■ **Task directions**
Lines containing "lemma" should be pulled from the material below.

■ ■ ■ ■ ■

lemma T13_4_eq_profile_tilings:
  "T13_4 N = (if 4 dvd N then profile_tilings (3 * (N div 4)) [0,0,0,0] else 0)"
proof (cases "4 dvd N")
  case True
  then obtain k where k: "N = 4 * k" by blast
  have rect: "{0..<4} \<times> {0..<3 * k} = region [0,0,0,0] 0 (0 + 3 * k)"
    by (auto simp: region_def less_Suc_eq numeral_eq_Suc nth_Cons split: nat.splits)
  have "card P = N" if "P \<in> tilings 1 3 ({0..<4} \<times> {0..<3 * k})" for P
    using card_tiling[OF that] k by (simp add: card_cartesian_product)
  then have "{P. is_tiling 4 (3 * k) 1 3 P \<and> card P = N} = tilings 1 3 ({0..<4} \<times> {0..<3 * k})"
    by (auto simp: is_tiling_iff_tilings)
  then show ?thesis
    using k rect card_tilings_region[of "[0,0,0,0]" "3 * k" 0] by (simp add: T13_4_def)
next
  case False
  then show ?thesis by (simp add: T13_4_def) presburger
qed

lemma T13_4_recurrence:
  "T13_4 (n + 12) + 3 * T13_4 (n + 4) = 5 * T13_4 (n + 8) + T13_4 n"
proof (cases "4 dvd n")
  case True
  then obtain k where "n = 4 * k" by blast
  then show ?thesis
    using profile_tilings_flat_recurrence[of "3 * k"] by (simp add: T13_4_eq_profile_tilings algebra_simps)
next
  case False
  then have "\<not> 4 dvd n + 12" "\<not> 4 dvd n + 8" "\<not> 4 dvd n + 4" by presburger+
  with False show ?thesis by (simp add: T13_4_eq_profile_tilings)
qed

lemma T13_4_initial:
  "T13_4 0 = 1" "T13_4 4 = 3" "T13_4 8 = 13" "\<not> 4 dvd n \<Longrightarrow> T13_4 n = 0"
  by (simp_all add: T13_4_eq_profile_tilings profile_tilings_flat_values)

lemma fps_nth_times_denominator:
  fixes t :: "nat \<Rightarrow> 'a::comm_ring_1"
  shows "fps_nth (Abs_fps t * (1 - 5 * fps_X^4 + 3 * fps_X^8 - fps_X^12)) n =
    t n - 5 * (if n < 4 then 0 else t (n - 4)) + 3 * (if n < 8 then 0 else t (n - 8))
      - (if n < 12 then 0 else t (n - 12))"
  by (simp add: ring_distribs mult.assoc[symmetric] fps_X_power_mult_right_nth numeral_fps_const)

lemma T13_4_fps_times_denominator:
  "Abs_fps (\<lambda>N. of_nat (T13_4 N) :: 'a::comm_ring_1) * (1 - 5 * fps_X^4 + 3 * fps_X^8 - fps_X^12) =
    1 - 2 * fps_X^4 + fps_X^8"
proof (rule fps_ext)
  fix n
  let ?t = "\<lambda>N. of_nat (T13_4 N) :: 'a"
  have "?t n - 5 * (if n < 4 then 0 else ?t (n - 4)) + 3 * (if n < 8 then 0 else ?t (n - 8))
      - (if n < 12 then 0 else ?t (n - 12)) = (if n = 0 then 1 else if n = 4 then -2 else if n = 8 then 1 else 0)"
  proof (cases "n < 12")
    case True
    then have "n \<in> {0, 1, 2, 3, 4, 5, 6, 7, 8, 9, 10, 11}" by (simp add: less_Suc_eq numeral_eq_Suc)
    then show ?thesis by (auto simp: T13_4_initial)
  next
    case False
    then obtain m where "n = m + 12" by (metis add.commute le_Suc_ex not_less)
    then show ?thesis
      using arg_cong[OF T13_4_recurrence[of m], of "of_nat :: nat \<Rightarrow> 'a"] by (simp add: algebra_simps)
  qed
  then show "fps_nth (Abs_fps ?t * (1 - 5 * fps_X^4 + 3 * fps_X^8 - fps_X^12)) n =
      fps_nth (1 - 2 * fps_X^4 + fps_X^8 :: 'a fps) n"
    unfolding fps_nth_times_denominator by (simp add: numeral_fps_const)
qed

theorem mainTheorem1:
  shows "Abs_fps (\<lambda>N. of_nat (T13_4 N) :: rat) =
    ((1 - fps_X)^2 * (1 + fps_X)^2 * (1 + fps_X^2)^2) /
    (1 - 5 * fps_X^4 + 3 * fps_X^8 - fps_X^12)"
proof -
  have numerator: "(1 - fps_X)^2 * (1 + fps_X)^2 * (1 + fps_X^2)^2 = (1 - 2 * fps_X^4 + fps_X^8 :: rat fps)"
    by (simp add: algebra_simps power2_eq_square power_numeral_reduce)
  have "(1 - 5 * fps_X^4 + 3 * fps_X^8 - fps_X^12 :: rat fps) \<noteq> 0"
    by (auto simp: fps_eq_iff numeral_fps_const dest: spec[of _ 0])
  then show ?thesis
    by (simp add: numerator T13_4_fps_times_denominator[symmetric])
qed

end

■ ■ ■ ■ ■

■ **Response to the exercise**
lemma T13_4_eq_profile_tilings:
lemma T13_4_recurrence:
lemma T13_4_initial:
lemma fps_nth_times_denominator:
lemma T13_4_fps_times_denominator:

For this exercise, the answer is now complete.